As far as the future is concerned, Martha thinks her son would make a good club owner or bartender. “For Christmas a while back, I got him a certificate to take the online bartending course. You remember the movie Cocktail with Tom Cruise? I said, ‘You know what I see for you is owning your own club, bartending, and then all of a sudden rip it off and get up there!’ He just cracks up.”

Despite the fact that Kaufeldt describes his mother as “about 50-50 on what she knows, what she thinks she knows, and what she really has no idea about,” he seems to be on the same page as her when it comes to the future.
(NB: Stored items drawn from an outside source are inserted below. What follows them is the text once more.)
(* Let $n\ge1$, $\theta_y=y\pi/n$ for $y=0,\dots,n-1$. The set of pairs $(\mathsf T_n,\mathsf W_n)$ attainable by LHS assemblages $\{\rho_{b|y}\}$ on $\mathbb C^2$ is exactly the convex polygon whose vertices are the $2(n+1)$ points (coinciding at $k=0$) $$\left(\frac kn,\ \pm\frac{\sin\left(\frac{\pi}{2}\frac kn\right)}{n\sin\left(\frac{\pi}{2n}\right)}\right),\qquad k=0,1,\dots,n,$$ and each of these points is an extreme point of the set.
   Context: An LHS assemblage on $\mathbb C^2$ with inputs $y\in\{0,\dots,n-1\}$ and outcomes $b\in\{0,1,\varnothing\}$ is $\rho_{b|y}=\sum_\lambda p(b|y,\lambda)\rho_\lambda$, where $\{\rho_\lambda\}$ is a finite family of positive semidefinite $2\times2$ matrices with $\sum_\lambda\mathrm{tr}\rho_\lambda=1$ and $p(b|y,\lambda)$ are conditional probabilities. With $Z,X$ the Pauli matrices, define $\mathsf W_n:=\frac1n\sum_{y=0}^{n-1}\mathrm{tr}\big[(\cos\theta_y Z+\sin\theta_y X)(\rho_{0|y}-\rho_{1|y})\big]$ and $\mathsf T_n:=\frac1n\sum_{y=0}^{n-1}\mathrm{tr}(\rho_{0|y}+\rho_{1|y})$. *)

theory Defs
  imports "HOL-Analysis.Analysis"
begin

text \<open>2x2 complex matrices are modelled as \<open>complex^2^2\<close>; the index type \<open>2\<close> has
  the two elements 0 and 1 (basis vectors |0>, |1>).\<close>

type_synonym cmat2 = "complex^2^2"

datatype outcome = B0 | B1 | BNone

definition tr2 :: "cmat2 \<Rightarrow> complex" where
  "tr2 A = (\<Sum>i\<in>UNIV. A$i$i)"

definition psd2 :: "cmat2 \<Rightarrow> bool" where
  "psd2 A \<longleftrightarrow> (\<forall>v::complex^2.
     Im (\<Sum>i\<in>UNIV. \<Sum>j\<in>UNIV. cnj (v$i) * A$i$j * v$j) = 0 \<and>
     Re (\<Sum>i\<in>UNIV. \<Sum>j\<in>UNIV. cnj (v$i) * A$i$j * v$j) \<ge> 0)"

definition pauliZ :: cmat2 where
  "pauliZ = (\<chi> i j. if i = j then (if i = 0 then 1 else -1) else 0)"

definition pauliX :: cmat2 where
  "pauliX = (\<chi> i j. if i = j then 0 else 1)"

definition LHS_assemblage :: "nat \<Rightarrow> (outcome \<Rightarrow> nat \<Rightarrow> cmat2) \<Rightarrow> bool" where
  "LHS_assemblage n rho \<longleftrightarrow>
     (\<exists>(m::nat) (rl::nat \<Rightarrow> cmat2) (p::outcome \<Rightarrow> nat \<Rightarrow> nat \<Rightarrow> real).
        (\<forall>l<m. psd2 (rl l)) \<and> (\<Sum>l<m. tr2 (rl l)) = 1 \<and>
        (\<forall>y<n. \<forall>l<m. (\<forall>b. p b y l \<ge> 0) \<and> p B0 y l + p B1 y l + p BNone y l = 1) \<and>
        (\<forall>b. \<forall>y<n. rho b y = (\<Sum>l<m. p b y l *\<^sub>R rl l)))"

definition theta :: "nat \<Rightarrow> nat \<Rightarrow> real" where
  "theta n y = real y * pi / real n"

text \<open>The quantities are real for every assemblage; we take real parts.\<close>
definition W_n :: "nat \<Rightarrow> (outcome \<Rightarrow> nat \<Rightarrow> cmat2) \<Rightarrow> real" where
  "W_n n rho = Re ((1 / of_nat n) * (\<Sum>y<n.
      tr2 ((of_real (cos (theta n y)) *s pauliZ + of_real (sin (theta n y)) *s pauliX)
           ** (rho B0 y - rho B1 y))))"

definition T_n :: "nat \<Rightarrow> (outcome \<Rightarrow> nat \<Rightarrow> cmat2) \<Rightarrow> real" where
  "T_n n rho = Re ((1 / of_nat n) * (\<Sum>y<n. tr2 (rho B0 y + rho B1 y)))"

definition attainable :: "nat \<Rightarrow> (real \<times> real) set" where
  "attainable n = {(T_n n rho, W_n n rho) | rho. LHS_assemblage n rho}"

definition polygon_vertices :: "nat \<Rightarrow> (real \<times> real) set" where
  "polygon_vertices n = {(real k / real n,
       s * sin (pi / 2 * (real k / real n)) / (real n * sin (pi / (2 * real n)))) | k s.
       k \<le> n \<and> s \<in> {-1, 1}}"

end

theory Submission
  imports Defs
begin

text \<open>
  Convexity of the attainable set comes from mixing hidden-variable models. A pure state with
  Bloch angle \<open>\<psi>\<close> has \<open>\<langle>cos \<theta> Z + sin \<theta> X\<rangle> = cos (\<theta> - \<psi>)\<close>; answering \<open>0\<close> (or \<open>1\<close>) on the
  first \<open>k\<close> inputs and \<open>\<emptyset>\<close> on the others, with \<open>\<psi>\<close> at the centre of the angles \<open>\<theta>\<^sub>0, \<dots>, \<theta>\<^sub>k\<^sub>-\<^sub>1\<close>,
  realises the vertex with abscissa \<open>k/n\<close>.

  Conversely, the functional \<open>\<alpha> T + \<beta> W\<close> is linear in the hidden states, and a hidden state whose
  Bloch vector has angle \<open>\<psi>\<close> contributes at most \<open>tr \<rho> \<cdot> \<Sum>\<^sub>y max 0 (\<alpha> + \<bar>\<beta>\<bar> \<bar>cos (\<theta>\<^sub>y - \<psi>)\<bar>)\<close>.
  Modulo \<open>\<pi>\<close> the angles \<open>\<theta>\<^sub>y - \<psi>\<close> are \<open>\<pi>/n\<close>-separated, so by concavity of \<open>cos\<close> on
  \<open>[-\<pi>/2, \<pi>/2]\<close> the sum of \<open>\<bar>cos\<bar>\<close> over any \<open>k\<close> of them is maximal for \<open>k\<close> equally spaced angles
  symmetric about \<open>0\<close>, i.e.\ it is at most \<open>sin (k\<pi>/2n) / sin (\<pi>/2n)\<close>. Hence every linear
  functional is bounded on the attainable set by its maximum over the vertices.

  Finally, \<open>k \<mapsto> sin (k\<pi>/2n)\<close> is strictly increasing and strictly concave on \<open>0, \<dots>, n\<close>, so each
  vertex is the unique maximiser of a suitable linear functional over the vertex set.
\<close>

section \<open>Sums of cosines over separated angles\<close>

lemma cos_add_cos_le_twice_cos:
  fixes x x' a :: real
  assumes "-(pi/2) \<le> x" "x \<le> pi/2" "-(pi/2) \<le> x'" "x' \<le> pi/2" "2 * \<bar>a\<bar> \<le> \<bar>x - x'\<bar>"
  shows "cos x + cos x' \<le> 2 * cos a"
proof -
  define h where "h = \<bar>x - x'\<bar> / 2"
  have cos_half_diff: "cos ((x - x') / 2) = cos h"
    unfolding h_def
    by (cases "x - x' \<ge> 0") (simp_all add: abs_if, metis cos_minus minus_diff_eq minus_divide_left)
  have h: "\<bar>a\<bar> \<le> h" "h \<le> pi/2"
    using assms unfolding h_def by auto
  have "0 \<le> cos h"
    using h by (intro cos_ge_zero) auto
  have "cos x + cos x' = 2 * cos ((x + x') / 2) * cos h"
    using cos_plus_cos[of x x'] cos_half_diff by simp
  also have "\<dots> \<le> 2 * 1 * cos h"
    using \<open>0 \<le> cos h\<close> by (intro mult_right_mono) auto
  also have "\<dots> \<le> 2 * cos \<bar>a\<bar>"
    using h cos_monotone_0_pi_le[of "\<bar>a\<bar>" h] by simp
  also have "cos \<bar>a\<bar> = cos a"
    by (simp add: abs_if)
  finally show ?thesis
    by simp
qed
(* The set $\mathcal{I}_{\mathrm{str}}(\Lambda)$ has the cardinality of the continuum.
   Context: Let $\mathbf{2}=\{0,1\}$. A partial function of arity $n$ on $\mathbf{2}$ is a map $f:\operatorname{dom} f\to\mathbf{2}$ with $\operatorname{dom} f\subseteq \mathbf{2}^n$; it is total if $\operatorname{dom} f=\mathbf{2}^n$. $P_{\mathbf{2}}$ is the set of all partial functions, $O_{\mathbf{2}}$ the set of total ones. Composition $F=f(g_1,\dots,g_n)$ is given by $F(\mathbf{x})=f(g_1(\mathbf{x}),\dots,g_n(\mathbf{x}))$ on $\operatorname{dom} F=\{\mathbf{x}\in\bigcap_i\operatorname{dom} g_i : (g_1(\mathbf{x}),\dots,g_n(\mathbf{x}))\in\operatorname{dom} f\}$. A partial clone is a composition-closed subset of $P_{\mathbf{2}}$ containing all projections; a total clone is one contained in $O_{\mathbf{2}}$. A partial clone $X$ is strong if it contains every restriction of each of its members. For a total clone $C$, $\mathcal{I}_{\mathrm{str}}(C)$ is the set of all strong partial clones $X$ with $X\cap O_{\mathbf{2}}=C$. $\Lambda$ is the total clone generated by the binary conjunction $\land$ and the constant functions $c_0,c_1$. *)

theory Defs
  imports Complex_Main "HOL-Library.Equipollence"
begin

text \<open>A partial Boolean function is represented as a pair (n, f) where n is its arity
  and f maps argument tuples (bool lists, True = 1) to an optional value; the domain of f
  (the set of lists where f is defined) must consist of lists of length n. Arities are
  at least 1, as usual in clone theory.\<close>

type_synonym pfun = "nat \<times> (bool list \<Rightarrow> bool option)"

definition arity :: "pfun \<Rightarrow> nat" where "arity p = fst p"
definition fn :: "pfun \<Rightarrow> bool list \<Rightarrow> bool option" where "fn p = snd p"

definition P2 :: "pfun set" where
  "P2 = {p. arity p \<ge> 1 \<and> (\<forall>xs. fn p xs \<noteq> None \<longrightarrow> length xs = arity p)}"

definition O2 :: "pfun set" where
  "O2 = {p \<in> P2. \<forall>xs. length xs = arity p \<longrightarrow> fn p xs \<noteq> None}"

definition comp :: "nat \<Rightarrow> pfun \<Rightarrow> pfun list \<Rightarrow> pfun" where
  "comp m f gs = (m, \<lambda>xs.
     if length xs = m \<and> (\<forall>g\<in>set gs. fn g xs \<noteq> None)
     then fn f (map (\<lambda>g. the (fn g xs)) gs) else None)"

definition proj :: "nat \<Rightarrow> nat \<Rightarrow> pfun" where
  "proj m i = (m, \<lambda>xs. if length xs = m then Some (xs ! i) else None)"

definition partial_clone :: "pfun set \<Rightarrow> bool" where
  "partial_clone X \<longleftrightarrow> X \<subseteq> P2
     \<and> (\<forall>m i. 1 \<le> m \<and> i < m \<longrightarrow> proj m i \<in> X)
     \<and> (\<forall>f\<in>X. \<forall>m gs. m \<ge> 1 \<and> length gs = arity f \<and> set gs \<subseteq> X
            \<and> (\<forall>g\<in>set gs. arity g = m) \<longrightarrow> comp m f gs \<in> X)"

definition restriction :: "pfun \<Rightarrow> pfun \<Rightarrow> bool" where
  "restriction g f \<longleftrightarrow> arity g = arity f \<and> fn g \<subseteq>\<^sub>m fn f"

definition strong :: "pfun set \<Rightarrow> bool" where
  "strong X \<longleftrightarrow> (\<forall>f\<in>X. \<forall>g. restriction g f \<longrightarrow> g \<in> X)"

definition I_str :: "pfun set \<Rightarrow> pfun set set" where
  "I_str C = {X. partial_clone X \<and> strong X \<and> X \<inter> O2 = C}"

definition clone_gen :: "pfun set \<Rightarrow> pfun set" where
  "clone_gen S = \<Inter>{X. partial_clone X \<and> S \<subseteq> X}"

definition conj2 :: pfun where
  "conj2 = (2, \<lambda>xs. if length xs = 2 then Some (xs ! 0 \<and> xs ! 1) else None)"

definition const1 :: "bool \<Rightarrow> pfun" where
  "const1 b = (1, \<lambda>xs. if length xs = 1 then Some b else None)"

definition Lambda :: "pfun set" where
  "Lambda = clone_gen {conj2, const1 False, const1 True}"

end

theory Submission
  imports Defs "HOL-Analysis.Abstract_Topology_2"
begin

text \<open>Every total function preserving the ternary relation \<open>x\<^sub>1 \<and> x\<^sub>2 \<le> x\<^sub>0\<close> is a constant or a
  conjunction of variables, i.e. lies in \<open>\<Lambda>\<close>, while \<open>\<Lambda>\<close> preserves that relation and every \<open>\<rho>\<^sub>n\<close>.
  Hence for each set \<open>S\<close> of naturals the partial functions preserving \<open>x\<^sub>1 \<and> x\<^sub>2 \<le> x\<^sub>0\<close> and all
  \<open>\<rho>\<^sub>n\<^sub>+\<^sub>5\<close> with \<open>n \<notin> S\<close> form a strong partial clone with total part \<open>\<Lambda>\<close>. These clones are
  pairwise distinct: the partial function of arity \<open>k \<ge> 5\<close> that is 1 on the tuples with exactly two
  zeros and 0 on the zero tuple preserves \<open>x\<^sub>1 \<and> x\<^sub>2 \<le> x\<^sub>0\<close> and every \<open>\<rho>\<^sub>n\<close> with \<open>n \<noteq> k\<close>, but
  not \<open>\<rho>\<^sub>k\<close>. This gives continuum many members of \<open>\<I>\<^sub>s\<^sub>t\<^sub>r(\<Lambda>)\<close>; there are no more, as there
  are only countably many partial functions.\<close>

section \<open>Partial functions and preservation of relations\<close>

lemma pfun_eqI: "arity p = arity q \<Longrightarrow> (\<And>xs. fn p xs = fn q xs) \<Longrightarrow> p = q"
  unfolding arity_def fn_def by (simp add: prod_eq_iff fun_eq_iff)

lemma arity_proj [simp]: "arity (proj m i) = m"
  and fn_proj: "fn (proj m i) xs = (if length xs = m then Some (xs ! i) else None)"
  by (simp_all add: proj_def arity_def fn_def)

lemma arity_comp [simp]: "arity (comp m f gs) = m"
  and fn_comp: "fn (comp m f gs) xs = (if length xs = m \<and> (\<forall>g\<in>set gs. fn g xs \<noteq> None)
     then fn f (map (\<lambda>g. the (fn g xs)) gs) else None)"
  by (simp_all add: comp_def arity_def fn_def)

lemma arity_const1 [simp]: "arity (const1 b) = 1"
  and fn_const1: "fn (const1 b) xs = (if length xs = 1 then Some b else None)"
  by (simp_all add: const1_def arity_def fn_def)

lemma arity_conj2 [simp]: "arity conj2 = 2"
  and fn_conj2: "fn conj2 xs = (if length xs = 2 then Some (xs ! 0 \<and> xs ! 1) else None)"
  by (simp_all add: conj2_def arity_def fn_def)

lemma partial_clone_proj: "partial_clone X \<Longrightarrow> 1 \<le> m \<Longrightarrow> i < m \<Longrightarrow> proj m i \<in> X"
  unfolding partial_clone_def by blast

lemma partial_clone_comp:
  assumes "partial_clone X" "f \<in> X" "1 \<le> m" "length gs = arity f" "set gs \<subseteq> X"
    "\<And>g. g \<in> set gs \<Longrightarrow> arity g = m"
  shows "comp m f gs \<in> X"
  using assms unfolding partial_clone_def by blast

text \<open>A relation is a set of tuples indexed by \<open>'i\<close>. The rows \<open>r i\<close> of a matrix \<open>r\<close> are argument
  tuples of \<open>f\<close>, so its columns and the column of values are again \<open>'i\<close>-indexed tuples.\<close>

definition preserves :: "pfun \<Rightarrow> ('i \<Rightarrow> bool) set \<Rightarrow> bool" where
  "preserves f R \<longleftrightarrow> (\<forall>r. (\<forall>i. fn f (r i) \<noteq> None) \<longrightarrow> (\<forall>c<arity f. (\<lambda>i. r i ! c) \<in> R)
      \<longrightarrow> (\<lambda>i. the (fn f (r i))) \<in> R)"

lemma preservesI:
  assumes "\<And>r. \<lbrakk>\<And>i. fn f (r i) \<noteq> None; \<And>c. c < arity f \<Longrightarrow> (\<lambda>i. r i ! c) \<in> R\<rbrakk>
      \<Longrightarrow> (\<lambda>i. the (fn f (r i))) \<in> R"
  shows "preserves f R"
  using assms unfolding preserves_def by blast

lemma preservesD:
  assumes "preserves f R" "\<And>i. fn f (r i) \<noteq> None" "\<And>c. c < arity f \<Longrightarrow> (\<lambda>i. r i ! c) \<in> R"
  shows "(\<lambda>i. the (fn f (r i))) \<in> R"
  using assms unfolding preserves_def by blast

lemma preserves_proj:
  assumes "i < m" shows "preserves (proj m i) R"
proof (rule preservesI)
  fix r :: "'a \<Rightarrow> bool list"
  assume dom: "\<And>j. fn (proj m i) (r j) \<noteq> None"
    and cols: "\<And>c. c < arity (proj m i) \<Longrightarrow> (\<lambda>j. r j ! c) \<in> R"
  have "the (fn (proj m i) (r j)) = r j ! i" for j
    using dom[of j] by (simp add: fn_proj split: if_splits)
  then show "(\<lambda>j. the (fn (proj m i) (r j))) \<in> R"
    using cols assms by simp
qed

lemma preserves_comp:
  assumes f: "preserves f R" and gs: "\<And>g. g \<in> set gs \<Longrightarrow> preserves g R"
    and len: "length gs = arity f" and ar: "\<And>g. g \<in> set gs \<Longrightarrow> arity g = m"
  shows "preserves (comp m f gs) R"
proof (rule preservesI)
  fix r :: "'a \<Rightarrow> bool list"
  assume dom: "\<And>j. fn (comp m f gs) (r j) \<noteq> None"
    and cols: "\<And>c. c < arity (comp m f gs) \<Longrightarrow> (\<lambda>j. r j ! c) \<in> R"
  define s where "s j = map (\<lambda>g. the (fn g (r j))) gs" for j
  have dom_gs: "fn g (r j) \<noteq> None" if "g \<in> set gs" for j g
    using dom[of j] that by (simp add: fn_comp split: if_splits)
  have dom_f: "fn f (s j) \<noteq> None" and val: "fn (comp m f gs) (r j) = fn f (s j)" for j
    using dom[of j] by (auto simp: fn_comp s_def split: if_splits)
  have "(\<lambda>j. the (fn g (r j))) \<in> R" if "g \<in> set gs" for g
    using preservesD[OF gs[OF that] dom_gs[OF that]] cols ar[OF that] by simp
  then have "(\<lambda>j. s j ! c) \<in> R" if "c < arity f" for c
    using that len by (simp add: s_def)
  then show "(\<lambda>j. the (fn (comp m f gs) (r j))) \<in> R"
    using preservesD[OF f dom_f] val by simp
qed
“I think it would be pretty cool to be a bartender,” he says. “From 10 to 12 you could go dance, and then like, 1 to 2 you frickin’ serve up drinks— cause everybody’d be like, ‘dude no way, White Tiger’s behind the bar, let’s get a drink from him.’”

He has considered becoming a DJ as well, but doesn’t see that in his immediate future. “A DJ has to sit still, and prepare like a week before the set, and make sure they’re not too high before they go onto their set. It’s kind of a stressful job. For a couple hundred bucks it’s not anywhere that I would want to be right now,” he says. “At the end of the day, the DJs get paid, and I feel like I take all of their fame for it. If I go to a festival, every 10 seconds you’ll hear someone yell, ‘White Tiger!’”

Whatever the future brings for him, Kaufeldt says his “number one thing” is to stay humble about what he does.

“Every superstar I’ve ever believed in, they try and stay as humble as they can. They make sure they have enough street credit before they start talking about anything. The people who really try and become legends too quick are the people that are just talkin’ out of their ass.”